Very sad attitude (him). Thank goodness my DH is nothing like that. Comments like that from him have upset/annnoyed me a lot in the past year but I have just come to the conclusion that he is just miserable and doesn't enjoy anything that much. Silly man!

XX


----------



## Myownangel (Aug 24, 2005)

You are right Helen - some people are just miserable. And I know I was generalising when I made the comment about those women  - but it did make us chuckle. And as JQ points out - we haven't been doing much of that for a while. 
Yes JQ - dh's mood does seem to have lifted. He seems to have passed through the low and is on the upward climb. 
Bernie xxx


----------



## emcee (Apr 3, 2005)

Glad to hear it Bernie - and you know thats because he has you his lovely wifey there to help him through!

Lots of love
Emcee x


----------



## Myownangel (Aug 24, 2005)

Awww thanks Emcee! x


----------



## jq (Nov 14, 2006)

I am so glad to hear that things are a bit easier for DH and you Bernie. Keep laughing! LoL Jq xxx


----------



## Myownangel (Aug 24, 2005)

Thanks Jq! x I'm lucky to have the lovely people here to support me.
Berniexx


----------



## brown (Oct 19, 2007)

Hi Bernie
I agree with you about miserable parents, just yesterday sitting in hairdressers two women were moaning about their kids, one said to other you wouldn't send them back and the other other said no well not all the time, or my wee sis hubby with the new baby moans aw we wont get a holiday this year goodness sake we would swap places with them any day but then I think some days I really like my life Hubby and I can do what we want and others are jealous of us cause we can have our one week holiday a year abroad, I'm trying so hard to be grateful for what I do have .
Love from Suxx


----------



## jq (Nov 14, 2006)

Good on you Su! It can be tough can't it? But positive thinking will help see you through. Lol Jq xxx


----------



## Pol (Mar 9, 2007)

This really resonates with me - it's my DH and my mantra at the moment - 'Parents aren't automatically happier than other people' and we see grumpy overtired parents around us all the time and have to laugh (if not you'd spend your whole time feeling furious that life can be so unfair!!!)  I know in most cases they just don't know how lucky they are, but it gives us hope for the future - spending our lives together just the two of us could be quite romantic ... you never know!

Jx


----------



## Myownangel (Aug 24, 2005)

Yes it could be! And as for all the people who have been telling us all our lives how wonderful it is to have children - well I wonder if they have been telling us the whole truth!? One of my friends has become very very depressed after her second child - kind of postnatal, but it has gone on a long time. She is lovely and we are very close, so I know she is not patronising me when she warns me that having children is not all it's cracked up to be. She feels she has given up some of her identity, and feels less of a person, just a drudge. No time for anything except getting the children top and from school, cooking meals, wahsing clothes etc and then constantly worrying about them. She is by nature a very bubbly person, and I can see her now gradually clawing her way out of this depression. Having children isn't always the fairytale ending...
Bernie x


----------



## emmag (Mar 11, 2007)

I found the book (which has been discussed on this board before because it's helped lots of us!!) "Childfree and Loving it" really helpful for putting forward the stories of people who had children and weren't exactly loving every second. It sort of hadn't occurred to me before, that parenting isn't all hearts and roses!! It doesn't take away the longing I have for a child of my own, no way! but I too, when I see all the mums marching to school with pushchairs and grim faces, sit and think that's absolutely not what I want from life.  

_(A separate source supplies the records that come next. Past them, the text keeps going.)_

(* Let $\mathbb{H}$ be the real quaternion algebra with standard basis $\{1,i,j,k\}$, and let $p\in\mathbb{R}[x]$ be any nonconstant real polynomial. Then $$\{p(ab)-p(ba)\mid a,b\in\mathbb{H}\}=\{bi+cj+dk\mid b,c,d\in\mathbb{R}\}.$$
   Context: $\mathbb{H}$ has multiplication determined by $i^2=j^2=k^2=ijk=-1$. *)

theory Defs
  imports "HOL-Computational_Algebra.Polynomial"
begin

text \<open>The real quaternions, with components Re, Im1 (i), Im2 (j), Im3 (k),
  and multiplication determined by i^2 = j^2 = k^2 = ijk = -1.\<close>

codatatype quat = Quat (Re: real) (Im1: real) (Im2: real) (Im3: real)

instantiation quat :: ring_1
begin
definition "0 = Quat 0 0 0 0"
definition "1 = Quat 1 0 0 0"
definition "x + y = Quat (Re x + Re y) (Im1 x + Im1 y) (Im2 x + Im2 y) (Im3 x + Im3 y)"
definition "x - y = Quat (Re x - Re y) (Im1 x - Im1 y) (Im2 x - Im2 y) (Im3 x - Im3 y)"
definition "- x = Quat (- Re x) (- Im1 x) (- Im2 x) (- Im3 x)"
definition "x * y = Quat
   (Re x * Re y - Im1 x * Im1 y - Im2 x * Im2 y - Im3 x * Im3 y)
   (Re x * Im1 y + Im1 x * Re y + Im2 x * Im3 y - Im3 x * Im2 y)
   (Re x * Im2 y - Im1 x * Im3 y + Im2 x * Re y + Im3 x * Im1 y)
   (Re x * Im3 y + Im1 x * Im2 y - Im2 x * Im1 y + Im3 x * Re y)"
instance
  by standard (auto simp: zero_quat_def one_quat_def plus_quat_def minus_quat_def
      uminus_quat_def times_quat_def quat.expand algebra_simps)
end

instantiation quat :: real_vector
begin
definition "scaleR r x = Quat (r * Re x) (r * Im1 x) (r * Im2 x) (r * Im3 x)"
instance
  by standard (auto simp: scaleR_quat_def plus_quat_def quat.expand algebra_simps)
end

instance quat :: real_algebra_1
  by standard (auto simp: scaleR_quat_def times_quat_def one_quat_def quat.expand algebra_simps)

definition quat_i :: quat where "quat_i = Quat 0 1 0 0"
definition quat_j :: quat where "quat_j = Quat 0 0 1 0"
definition quat_k :: quat where "quat_k = Quat 0 0 0 1"

text \<open>Evaluation of a real polynomial at a quaternion (real coefficients are central).\<close>
definition qpoly :: "real poly \<Rightarrow> quat \<Rightarrow> quat" where
  "qpoly p x = (\<Sum>n\<le>degree p. coeff p n *\<^sub>R x ^ n)"

end

theory Submission
  imports Defs "HOL-Computational_Algebra.Fundamental_Theorem_Algebra"
begin

text \<open>Since \<open>Re (x * y) = Re (y * x)\<close>, also \<open>Re ((a * b) ^ n) = Re ((b * a) ^ n)\<close>, so
  \<open>p(ab) - p(ba)\<close> is always a pure quaternion. Conversely, write a pure quaternion as
  \<open>r e\<close> with \<open>e\<^sup>2 = -1\<close>, so that \<open>x + y i \<mapsto> x + y e\<close> embeds \<open>\<complex>\<close> into \<open>\<bbbH>\<close>
  and commutes with real polynomials. As \<open>p\<close> is nonconstant, \<open>p(z) = r i / 2\<close> for some
  \<open>z \<in> \<complex>\<close>, and then \<open>p(cnj z) = - r i / 2\<close>. Finally a nonzero pure quaternion \<open>a\<close>
  anticommuting with \<open>e\<close> conjugates the image of \<open>z\<close> to that of \<open>cnj z\<close>, so
  \<open>b = a\<^sup>-\<^sup>1 z\<close> gives \<open>ab = z\<close> and \<open>ba = cnj z\<close>, whence \<open>p(ab) - p(ba) = r e\<close>.\<close>

lemma linear_quat_Re: "linear quat.Re"
  by (rule linearI) (simp_all add: plus_quat_def scaleR_quat_def)

lemma Re_qpoly: "quat.Re (qpoly p x) = (\<Sum>n\<le>degree p. coeff p n * quat.Re (x ^ n))"
  unfolding qpoly_def linear_sum[OF linear_quat_Re] linear_scale[OF linear_quat_Re] by simp

lemma Re_mult_commute: "quat.Re (x * y) = quat.Re (y * x)"
  by (simp add: times_quat_def)

lemma power_mult_swap: "(a * b) ^ Suc n = a * (b * a) ^ n * b"
  for a b :: "'a::monoid_mult"
  by (induction n) (simp_all add: mult.assoc)

lemma Re_power_mult_commute: "quat.Re ((a * b) ^ n) = quat.Re ((b * a) ^ n)"
proof (cases n)
  case (Suc m)
  have "quat.Re ((a * b) ^ n) = quat.Re (a * ((b * a) ^ m * b))"
    by (simp only: Suc power_mult_swap mult.assoc)
  also have "\<dots> = quat.Re ((b * a) ^ m * b * a)"
    by (simp only: Re_mult_commute[of a] mult.assoc)
  also have "\<dots> = quat.Re ((b * a) ^ n)"
    by (simp only: Suc power_Suc2 mult.assoc)
  finally show ?thesis .
qed simp

lemma Re_qpoly_commutator: "quat.Re (qpoly p (a * b) - qpoly p (b * a)) = 0"
  by (simp add: minus_quat_def Re_qpoly Re_power_mult_commute)

lemma pure_quat_iff: "(\<exists>b c d. x = b *\<^sub>R quat_i + c *\<^sub>R quat_j + d *\<^sub>R quat_k) \<longleftrightarrow> quat.Re x = 0"
  by (auto simp: quat.expand scaleR_quat_def plus_quat_def quat_i_def quat_j_def quat_k_def)
    (metis quat.collapse)

definition embed_complex :: "'a::real_algebra_1 \<Rightarrow> complex \<Rightarrow> 'a" where
  "embed_complex e z = of_real (Complex.Re z) + Complex.Im z *\<^sub>R e"

lemma embed_complex_zero [simp]: "embed_complex e 0 = 0"
  by (simp add: embed_complex_def)

lemma embed_complex_one [simp]: "embed_complex e 1 = 1"
  by (simp add: embed_complex_def)

lemma embed_complex_add: "embed_complex e (z + w) = embed_complex e z + embed_complex e w"
  by (simp add: embed_complex_def scaleR_add_left)

lemma embed_complex_mult:
  assumes "e * e = -1"
  shows "embed_complex e (z * w) = embed_complex e z * embed_complex e w"
  using assms
  by (simp add: embed_complex_def algebra_simps scaleR_add_left of_real_def)

lemma embed_complex_power:
  assumes "e * e = -1"
  shows "embed_complex e (z ^ n) = embed_complex e z ^ n"
  by (induction n) (simp_all add: embed_complex_mult[OF assms])

lemma embed_complex_sum: "embed_complex e (sum f A) = (\<Sum>x\<in>A. embed_complex e (f x))"
  by (induction A rule: infinite_finite_induct) (simp_all add: embed_complex_add)

lemma embed_complex_of_real_mult: "embed_complex e (of_real c * z) = c *\<^sub>R embed_complex e z"
  by (simp add: embed_complex_def algebra_simps of_real_def)

lemma embed_complex_imaginary: "embed_complex e (Complex 0 y) = y *\<^sub>R e"
  by (simp add: embed_complex_def)

lemma swapped_products_embed_complex:
  fixes a e :: "'a::real_algebra_1"
  assumes a_square: "a * a = - of_real s" and "s \<noteq> 0" and anticomm: "a * e = - (e * a)"
  shows "\<exists>b. a * b = embed_complex e z \<and> b * a = embed_complex e (cnj z)"
proof -
  define b where "b = (- 1 / s) *\<^sub>R (a * embed_complex e z)"
  have "a * b = (- 1 / s) *\<^sub>R ((a * a) * embed_complex e z)"
    by (simp add: b_def mult.assoc)
  then have "a * b = embed_complex e z"
    using \<open>s \<noteq> 0\<close> by (simp add: a_square of_real_def)
  moreover have "a * e * a = - (e * (a * a))"
    by (simp add: anticomm mult.assoc)
  then have "a * embed_complex e z * a = (- s) *\<^sub>R embed_complex e (cnj z)"
    by (simp add: embed_complex_def algebra_simps a_square of_real_def)
  then have "b * a = embed_complex e (cnj z)"
    using \<open>s \<noteq> 0\<close> by (simp add: b_def)
  ultimately show ?thesis by blast
qed

lemma qpoly_embed_complex:
  assumes "e * e = -1"
  shows "qpoly p (embed_complex e z) = embed_complex e (poly (map_poly of_real p) z)"
  unfolding qpoly_def poly_altdef
  by (simp add: embed_complex_sum embed_complex_of_real_mult embed_complex_power[OF assms]
      degree_map_poly coeff_map_poly)

lemma nonconstant_poly_attains:
  fixes P :: "complex poly"
  assumes "degree P \<ge> 1"
  shows "\<exists>z. poly P z = c"
proof -
  have "degree (P + [:- c:]) = degree P"
    using assms by (simp add: degree_add_eq_left)
  then have "\<not> constant (poly (P + [:- c:]))"
    using assms by (simp add: constant_degree)
  then show ?thesis
    using fundamental_theorem_of_algebra by fastforce
qed

lemma pure_quat_square:
  assumes "quat.Re x = 0"
  shows "x * x = - of_real (Im1 x ^ 2 + Im2 x ^ 2 + Im3 x ^ 2)"
  using assms
  by (simp add: times_quat_def uminus_quat_def of_real_def scaleR_quat_def one_quat_def
      quat.expand power2_eq_square)

lemma pure_quat_polar:
  assumes "quat.Re x = 0"
  shows "\<exists>r e. quat.Re e = 0 \<and> e * e = -1 \<and> x = r *\<^sub>R e"
proof -
  define r where "r = sqrt (Im1 x ^ 2 + Im2 x ^ 2 + Im3 x ^ 2)"
  have x_square: "x * x = - of_real (r\<^sup>2)"
    using pure_quat_square[OF assms] by (simp add: r_def)
  show ?thesis
  proof (cases "r = 0")
    case True
    then have "x = 0"
      using assms by (simp add: r_def add_nonneg_eq_0_iff quat.expand zero_quat_def)
    then show ?thesis
      by (intro exI[of _ 0] exI[of _ quat_i])
        (simp add: quat_i_def times_quat_def uminus_quat_def one_quat_def)
  next
    case False
    have "((1 / r) *\<^sub>R x) * ((1 / r) *\<^sub>R x) = -1"
      using False by (simp add: x_square of_real_def power2_eq_square)
    moreover have "quat.Re ((1 / r) *\<^sub>R x) = 0"
      using assms by (simp add: scaleR_quat_def)
    ultimately show ?thesis
      using False by (intro exI[of _ r] exI[of _ "(1 / r) *\<^sub>R x"]) simp
  qed
qed

lemma pure_quat_anticommuting:
  assumes "quat.Re e = 0"
  shows "\<exists>a s. a * a = - of_real s \<and> s \<noteq> 0 \<and> a * e = - (e * a)"
proof (cases "Im1 e = 0 \<and> Im2 e = 0")
  case True
  then show ?thesis
    using assms
    by (intro exI[of _ quat_i] exI[of _ 1])
      (simp add: quat_i_def times_quat_def uminus_quat_def one_quat_def quat.expand)
next
  case False
  \<comment> \<open>pure quaternions anticommute iff their vector parts are orthogonal\<close>
  then show ?thesis
    using assms
    by (intro exI[of _ "Quat 0 (- Im2 e) (Im1 e) 0"] exI[of _ "Im1 e ^ 2 + Im2 e ^ 2"])
      (auto simp: times_quat_def uminus_quat_def of_real_def scaleR_quat_def one_quat_def
        quat.expand power2_eq_square sum_power2_eq_zero_iff)
qed

lemma pure_quat_is_qpoly_commutator:
  assumes "degree p \<ge> 1" and "quat.Re x = 0"
  shows "\<exists>a b. qpoly p (a * b) - qpoly p (b * a) = x"
proof -
  obtain r e where "quat.Re e = 0" and e_square: "e * e = -1" and x: "x = r *\<^sub>R e"
    using pure_quat_polar[OF assms(2)] by blast
  define P where "P = map_poly complex_of_real p"
  obtain z where z: "poly P z = Complex 0 (r / 2)"
    using nonconstant_poly_attains assms(1) by (fastforce simp: P_def degree_map_poly)
  have "poly P (cnj z) = Complex 0 (- r / 2)"
    using poly_cnj_real[of P z] z by (simp add: P_def coeff_map_poly complex_eq_iff)
  then have "qpoly p (embed_complex e z) - qpoly p (embed_complex e (cnj z))
      = (r / 2) *\<^sub>R e - (- r / 2) *\<^sub>R e"
    using z by (simp add: qpoly_embed_complex[OF e_square] P_def embed_complex_imaginary)
  also have "\<dots> = (r / 2 - (- r / 2)) *\<^sub>R e"
    by (rule scaleR_diff_left[symmetric])
  also have "\<dots> = x"
    by (simp add: x)
  finally have difference: "qpoly p (embed_complex e z) - qpoly p (embed_complex e (cnj z)) = x" .
  obtain a s where "a * a = - of_real s" "s \<noteq> 0" "a * e = - (e * a)"
    using pure_quat_anticommuting \<open>quat.Re e = 0\<close> by blast
  then obtain b where "a * b = embed_complex e z" "b * a = embed_complex e (cnj z)"
    using swapped_products_embed_complex by blast
  with difference show ?thesis by metis
qed

theorem theorem2p11:
  fixes p :: "real poly"
  assumes "degree p \<ge> 1"
  shows "{qpoly p (a * b) - qpoly p (b * a) | a b. True}
       = {b *\<^sub>R quat_i + c *\<^sub>R quat_j + d *\<^sub>R quat_k | b c d. True}"
proof -
  have "{qpoly p (a * b) - qpoly p (b * a) | a b. True} = {x. quat.Re x = 0}"
    using Re_qpoly_commutator pure_quat_is_qpoly_commutator[OF assms] by blast
  also have "\<dots> = {b *\<^sub>R quat_i + c *\<^sub>R quat_j + d *\<^sub>R quat_k | b c d. True}"
    using pure_quat_iff by blast
  finally show ?thesis .
qed

end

I think another thing that helps is the knowledge that we've just ordered a hot tub for the garden. 


Haaaaaaaaaaaaaaaaaaaaaaaaaaaaaaaaaaaa


----------



## Myownangel (Aug 24, 2005)

Ooooh a hot tub - lovely!  
Bernie xx


----------



## emmag (Mar 11, 2007)

Well, you have to take comfort where you can, eh?


----------



## Yamoona (Nov 7, 2005)

oooooooooo love hot tubs


----------



## emmag (Mar 11, 2007)

Cheaper than IVF!!!


----------



## emcee (Apr 3, 2005)

oooooh now thats what I call lush... lounging in a hot tub - bet the neighbours will be jealous!  

xxx


----------